Lubis, E, Novita, A. & Phuoc, L.H.
PATHOGENICITY TESTING OF Trichoderma spp. FROM DIFFERENT PLANTATIONS TO CONTROL TOBACCO PLANT DISEASES CAUSED BY Fusicoccum sp.
Efrida Lubis1*, Aisar Novita1, Le Huu Phuoc2
1Department of Agrotechnology, Faculty of Agriculture, Universitas
Muhammadiyah Sumatera Utara, Jl. Muhtar Basri No.3, Kecamatan Medan Timur, Kota Medan, Sumatera Utara, 20238, Indonesia 2Department of Crop Science, Faculty of Agriculture and Natural Resources, An Giang University, No 18, Ung Van Khiem street, Dong Xuyen ward, Long Xuyen City, An Giang Province, Vietnam *Corresponding Author Email: efridalubis@umsu.ac.id
ABSTRAK
Received:
15 March 2023
Accepted:
19 July 2022
Published:
1 August 2023
Trichoderma spp. are saprophytic fungi in soils that are naturally parasitic to and attack numerous plant diseasecausing fungi or have a broad spectrum of control. This study aimed to obtain superior isolates of Trichoderma spp. as fungal antagonists from several plantation areas in North Sumatra, Indonesia. A non-factorial, completely randomized design comprising seven treatments made in triplicate was employed, including no treatment or control (T0) and isolates of Trichoderma spp. from several plantations: rubber (T1), oil palm (T2) and cocoa in Langkat Regency (T3), oil palm in Percut Sei Tuan, Deli Serdang Regency (T4), and coffee (T5) and cocoa in Karo Regency (T6). After macroscopic and microscopic identification, the percentage of inhibition against Fusicoccum sp. was determined, and the pathogenicity of these isolates was tested on tobacco plants. Results indicate that isolates from the rubber plantation in Langkat (T1) produced the highest percentage of inhibition against Fusicoccum sp. and showed a negative reaction in the pathogenicity test as no necrotic spots were formed on tobacco leaves after injection.

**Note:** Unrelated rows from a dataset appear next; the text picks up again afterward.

lemma interior_conv_nth:
  "(\<forall>i. 0 < i \<and> i + 1 < length xs \<longrightarrow> P (xs ! i)) \<longleftrightarrow> (\<forall>x \<in> set (butlast (tl xs)). P x)"
  unfolding all_set_conv_all_nth by (simp add: nth_butlast nth_tl) (auto simp: gr0_conv_Suc)

definition lattice_step :: "int \<times> int \<Rightarrow> int \<times> int \<Rightarrow> bool" where
  "lattice_step a b \<longleftrightarrow> b = (fst a + 1, snd a) \<or> b = (fst a, snd a + 1)"

lemma mono_lattice_path_iff: "mono_lattice_path ps \<longleftrightarrow> ps \<noteq> [] \<and> successively lattice_step ps"
  by (simp add: mono_lattice_path_def lattice_step_def successively_conv_nth)

lemma successively_lattice_step_endpoints:
  assumes "successively lattice_step ps" and "ps \<noteq> []"
  shows "fst (last ps) + snd (last ps) = fst (hd ps) + snd (hd ps) + int (length ps - 1)"
    and "fst (hd ps) \<le> fst (last ps)"
  using assms by (induction ps rule: induct_list012) (auto simp: lattice_step_def)

definition admissible_paths :: "(int \<times> int \<Rightarrow> bool) \<Rightarrow> int \<times> int \<Rightarrow> int \<times> int \<Rightarrow> (int \<times> int) list set" where
  "admissible_paths ok s e = {ps. ps \<noteq> [] \<and> successively lattice_step ps \<and> hd ps = s \<and> last ps = e \<and>
     (\<forall>x \<in> set (butlast (tl ps)). ok x)}"

lemma admissible_paths_self: "admissible_paths ok e e = {[e]}"
proof -
  have "ps = [e]" if "ps \<in> admissible_paths ok e e" for ps
  proof -
    have "length ps = 1"
      using that successively_lattice_step_endpoints(1) [of ps] unfolding admissible_paths_def
      by (cases ps) auto
    then show ?thesis using that unfolding admissible_paths_def by (cases ps) auto
  qed
  then show ?thesis by (auto simp: admissible_paths_def)
qed

text \<open>Paths cannot move to the left.\<close>
lemma admissible_paths_beyond: "fst e < fst s \<Longrightarrow> admissible_paths ok s e = {}"
  using successively_lattice_step_endpoints(2) by (fastforce simp: admissible_paths_def)

definition continuations :: "(int \<times> int \<Rightarrow> bool) \<Rightarrow> int \<times> int \<Rightarrow> int \<times> int \<Rightarrow> (int \<times> int) list set" where
  "continuations ok t e = (if t = e \<or> ok t then admissible_paths ok t e else {})"

lemma admissible_paths_step:
  assumes "s \<noteq> e"
  shows "admissible_paths ok s e =
    Cons s ` (continuations ok (fst s + 1, snd s) e \<union> continuations ok (fst s, snd s + 1) e)"
    (is "_ = Cons s ` (?R \<union> ?U)")
proof (intro equalityI subsetI)
  fix ps assume ps: "ps \<in> admissible_paths ok s e"
  then obtain qs where qs: "ps = s # qs" "qs \<noteq> []"
    using assms by (cases ps) (auto simp: admissible_paths_def split: if_splits)
  have "hd qs = e \<or> ok (hd qs)"
    using ps qs by (cases qs; cases "tl qs") (auto simp: admissible_paths_def)
  moreover have "set (butlast (tl qs)) \<subseteq> set (butlast qs)"
    by (cases qs) auto
  ultimately have "qs \<in> continuations ok (hd qs) e" "lattice_step s (hd qs)"
    using ps qs by (auto simp: admissible_paths_def continuations_def successively_Cons)
  then show "ps \<in> Cons s ` (?R \<union> ?U)" using qs(1) by (auto simp: lattice_step_def)
next
  fix ps assume "ps \<in> Cons s ` (?R \<union> ?U)"
  then obtain t qs where qs: "ps = s # qs" "lattice_step s t" "t = e \<or> ok t"
      "qs \<in> admissible_paths ok t e"
    by (auto simp: continuations_def lattice_step_def split: if_splits)
  show "ps \<in> admissible_paths ok s e"
  proof (cases "t = e")
    case True
    then show ?thesis using qs by (auto simp: admissible_paths_self admissible_paths_def)
  next
    case False
    then show ?thesis using qs
      by (cases qs) (auto simp: admissible_paths_def successively_Cons)
  qed
qed

lemma continuations_hd: "qs \<in> continuations ok t e \<Longrightarrow> hd qs = t"
  by (auto simp: continuations_def admissible_paths_def split: if_splits)

text \<open>The two kinds of continuations are disjoint, so the first-step decomposition turns
  into the addition rule for the number of paths.\<close>
lemma card_admissible_paths_step:
  assumes "s \<noteq> e"
    and "finite (continuations ok (fst s + 1, snd s) e)" "finite (continuations ok (fst s, snd s + 1) e)"
  shows "finite (admissible_paths ok s e)"
    and "card (admissible_paths ok s e) =
      card (continuations ok (fst s + 1, snd s) e) + card (continuations ok (fst s, snd s + 1) e)"
proof -
  have "continuations ok (fst s + 1, snd s) e \<inter> continuations ok (fst s, snd s + 1) e = {}"
    by (auto dest!: continuations_hd)
  then show "finite (admissible_paths ok s e)"
    and "card (admissible_paths ok s e) =
      card (continuations ok (fst s + 1, snd s) e) + card (continuations ok (fst s, snd s + 1) e)"
    using assms by (simp_all add: admissible_paths_step card_image card_Un_disjoint)
qed

definition below_line :: "nat \<Rightarrow> nat \<Rightarrow> int \<times> int \<Rightarrow> bool" where
  "below_line p d s \<longleftrightarrow> snd s < int p * fst s + int d"

abbreviation line_end :: "nat \<Rightarrow> nat \<Rightarrow> nat \<Rightarrow> int \<times> int" where
  "line_end p n d \<equiv> (int n, int p * int n + int d)"

text \<open>On the vertical line x = n below the target the only continuation goes straight up.\<close>
lemma card_continuations_last_column:
  assumes "y + int k = int p * int n + int d"
  shows "finite (continuations (below_line p d) (int n, y) (line_end p n d))
    \<and> card (continuations (below_line p d) (int n, y) (line_end p n d)) = 1"
  using assms
proof (induction k arbitrary: y)
  case 0
  then show ?case by (simp add: continuations_def admissible_paths_self)
next
  case (Suc k)
  have "continuations (below_line p d) (int n + 1, y) (line_end p n d) = {}"
    by (simp add: continuations_def admissible_paths_beyond)
  moreover have "continuations (below_line p d) (int n, y) (line_end p n d) =
      admissible_paths (below_line p d) (int n, y) (line_end p n d)" "(int n, y) \<noteq> line_end p n d"
    using Suc.prems by (simp_all add: continuations_def below_line_def)
  ultimately show ?case
    using Suc.IH [of "y + 1"] Suc.prems card_admissible_paths_step [of "(int n, y)"] by simp
qed

text \<open>gap_count p m k counts the admissible paths from a point at horizontal distance m from
  the target and at vertical distance k below the line; its recursion is the first-step
  decomposition (a step up lowers the gap by one, a step right raises it by p).\<close>
fun gap_count :: "nat \<Rightarrow> nat \<Rightarrow> nat \<Rightarrow> nat" where
  "gap_count p 0 k = 1"
| "gap_count p (Suc m) 0 = 0"
| "gap_count p (Suc m) (Suc k) = gap_count p (Suc m) k + gap_count p m (Suc k + p)"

Keywords: Trichoderma spp., Fusicoccum sp, percentage of inhibition.
INTRODUCTION
Soil-borne pathogens cannot be effectively and efficiently curbed by solely relying on synthetic pesticides that target parts of plants because they live in the soil and attack when their environment is in favorable conditions. Besides, these pesticides can lead to
environmental pollution, ecological disturbances or imbalance, and even various health problems when used excessively. For these reasons, more target-specific and environmentally friendly methods are needed to control the pathogens to protect plants longterm, including reducing chemical
pesticides and replacing them with natural antagonist agents as biological control. Biological control is introduced as an alternative means of suppressing the growth of pathogens with little to no negative influence on the environment using biological agents, such as viruses, fungi, and bacteria. Trichoderma is one of the soil fungi with a scientifically proven ability to control plant diseases.

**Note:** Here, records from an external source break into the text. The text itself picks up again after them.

(* Let $R$ be an associative ring with identity, and let $a,b,c,d\in R$ satisfy $bdb=bac$ and $dbd=acd$. If $ac\in R^{d}$, then $bd\in R^{d}$ and $(bd)^{d}=b\big((ac)^{d}\big)^2d$.
   Context: For $x\in R$, $\mathrm{comm}(x)=\{y\in R : xy=yx\}$ and $\mathrm{comm}^2(x)=\{y\in R : yz=zy \text{ for all } z\in\mathrm{comm}(x)\}$. $R^{inv}$ denotes the units of $R$, and $R^{qnil}=\{x\in R : 1+xy\in R^{inv}\text{ for every } y\in \mathrm{comm}(x)\}$. An element $x\in R$ has a generalized Drazin (g-Drazin) inverse if there is $y\in R$ with $y=yxy$, $y\in\mathrm{comm}^2(x)$ and $x-x^2y\in R^{qnil}$; such $y$ is unique and denoted $x^{d}$. $R^{d}$ is the set of elements having a g-Drazin inverse. *)

theory Defs
  imports Main
begin

definition comm :: "'a::ring_1 \<Rightarrow> 'a set" where
  "comm x = {y. x * y = y * x}"

definition comm2 :: "'a::ring_1 \<Rightarrow> 'a set" where
  "comm2 x = {y. \<forall>z\<in>comm x. y * z = z * y}"

definition units :: "'a::ring_1 set" where
  "units = {u. \<exists>v. u * v = 1 \<and> v * u = 1}"

definition qnil :: "'a::ring_1 set" where
  "qnil = {x. \<forall>y\<in>comm x. 1 + x * y \<in> units}"

definition is_gdrazin_inv :: "'a::ring_1 \<Rightarrow> 'a \<Rightarrow> bool" where
  "is_gdrazin_inv x y \<longleftrightarrow> y = y * x * y \<and> y \<in> comm2 x \<and> x - x * x * y \<in> qnil"

definition gdrazin_set :: "'a::ring_1 set" where
  "gdrazin_set = {x. \<exists>y. is_gdrazin_inv x y}"

definition gdrazin :: "'a::ring_1 \<Rightarrow> 'a" where
  "gdrazin x = (THE y. is_gdrazin_inv x y)"

end

theory Submission
  imports Defs
begin

(* Write y for the g-Drazin inverse of ac. The identities bdb = bac and dbd = acd move
   commuting elements across: if t commutes with bd then dtb commutes with ac. This transfers
   the double commutant of ac to bd, and, together with Jacobson's lemma
   (1 - xy invertible iff 1 - yx invertible), also quasinilpotence. The candidate b y^2 d then
   satisfies the defining identities, its residue bd - (bd)^2 b y^2 d being b e d with
   e = 1 - ac y; the quadruple (b, a, ce, ed) again satisfies the two identities and ac e is
   quasinilpotent, so the residue is quasinilpotent as well. *)

lemma unitsI: "u * v = 1 \<Longrightarrow> v * u = 1 \<Longrightarrow> u \<in> units"
  unfolding units_def by blast

lemma units_one_minus_mult_commute:
  fixes x y :: "'a::ring_1"
  assumes "1 - x * y \<in> units"
  shows "1 - y * x \<in> units"
proof -
  obtain v where v1: "(1 - x * y) * v = 1" and v2: "v * (1 - x * y) = 1"
    using assms unfolding units_def by blast
  have xyv: "x * y * v = v - 1" and vxy: "v * x * y = v - 1"
    using v1 v2 by (simp_all add: algebra_simps)
  have "(1 - y * x) * (1 + y * v * x) = 1 + y * v * x - y * x - y * (x * y * v) * x"
    by (simp add: algebra_simps)
  also have "\<dots> = 1 + y * v * x - y * x - y * (v - 1) * x" by (simp only: xyv)
  also have "\<dots> = 1" by (simp add: algebra_simps)
  finally have right: "(1 - y * x) * (1 + y * v * x) = 1" .
  have "(1 + y * v * x) * (1 - y * x) = 1 + y * v * x - y * x - y * (v * x * y) * x"
    by (simp add: algebra_simps)
  also have "\<dots> = 1 + y * v * x - y * x - y * (v - 1) * x" by (simp only: vxy)
  also have "\<dots> = 1" by (simp add: algebra_simps)
  finally have left: "(1 + y * v * x) * (1 - y * x) = 1" .
  from right left show ?thesis by (rule unitsI)
qed

lemma units_one_plus_of_one_minus_square:
  fixes x :: "'a::ring_1"
  assumes "1 - x * x \<in> units"
  shows "1 + x \<in> units"
proof -
  obtain v where v1: "(1 - x * x) * v = 1" and v2: "v * (1 - x * x) = 1"
    using assms unfolding units_def by blast
  have right: "(1 + x) * ((1 - x) * v) = 1"
    using v1 by (simp add: algebra_simps)
  have left: "(v * (1 - x)) * (1 + x) = 1"
    using v2 by (simp add: algebra_simps)
  have "v * (1 - x) = (v * (1 - x)) * ((1 + x) * ((1 - x) * v))"
    using right by simp
  also have "\<dots> = (1 - x) * v"
    using left by (simp add: mult.assoc[symmetric])
  finally have "v * (1 - x) = (1 - x) * v" .
  with right left show ?thesis by (intro unitsI[of _ "(1 - x) * v"]) auto
qed

lemma idempotent_eq_zero_of_one_minus_unit:
  fixes w :: "'a::ring_1"
  assumes "w * w = w" and "1 - w \<in> units"
  shows "w = 0"
proof -
  obtain v where v: "(1 - w) * v = 1"
    using assms(2) unfolding units_def by blast
  have "w = (w * (1 - w)) * v"
    using v by (simp add: mult.assoc)
  also have "\<dots> = 0"
    using assms(1) by (simp add: right_diff_distrib)
  finally show ?thesis .
qed

lemma comm2_mult: "u \<in> comm2 x \<Longrightarrow> v \<in> comm2 x \<Longrightarrow> u * v \<in> comm2 x"
  unfolding comm2_def by (simp add: mult.assoc) (metis mult.assoc)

Trichoderma spp. are an antagonist agent that can substantially inhibit the growth and spread of pathogenic fungi (Mariana and Budi, 2013) through mycoparasitism, antibiosis, or competition (Fitriani, et. al., 2017). They grow rapidly and can be hyperparasites to many species of fungi that cause plant diseases. During unfavorable conditions such as drought or lack of nutrients, Trichoderma produces propagules called chlamydospores that will be dormant and only forms new individual organisms once exposed to a suitable environment. Therefore, they will remain in the soil even with a single application. This is one of the advantages of using Trichoderma as a biological control agent, especially for soil-borne pathogens (Berlian, et.al. 2013).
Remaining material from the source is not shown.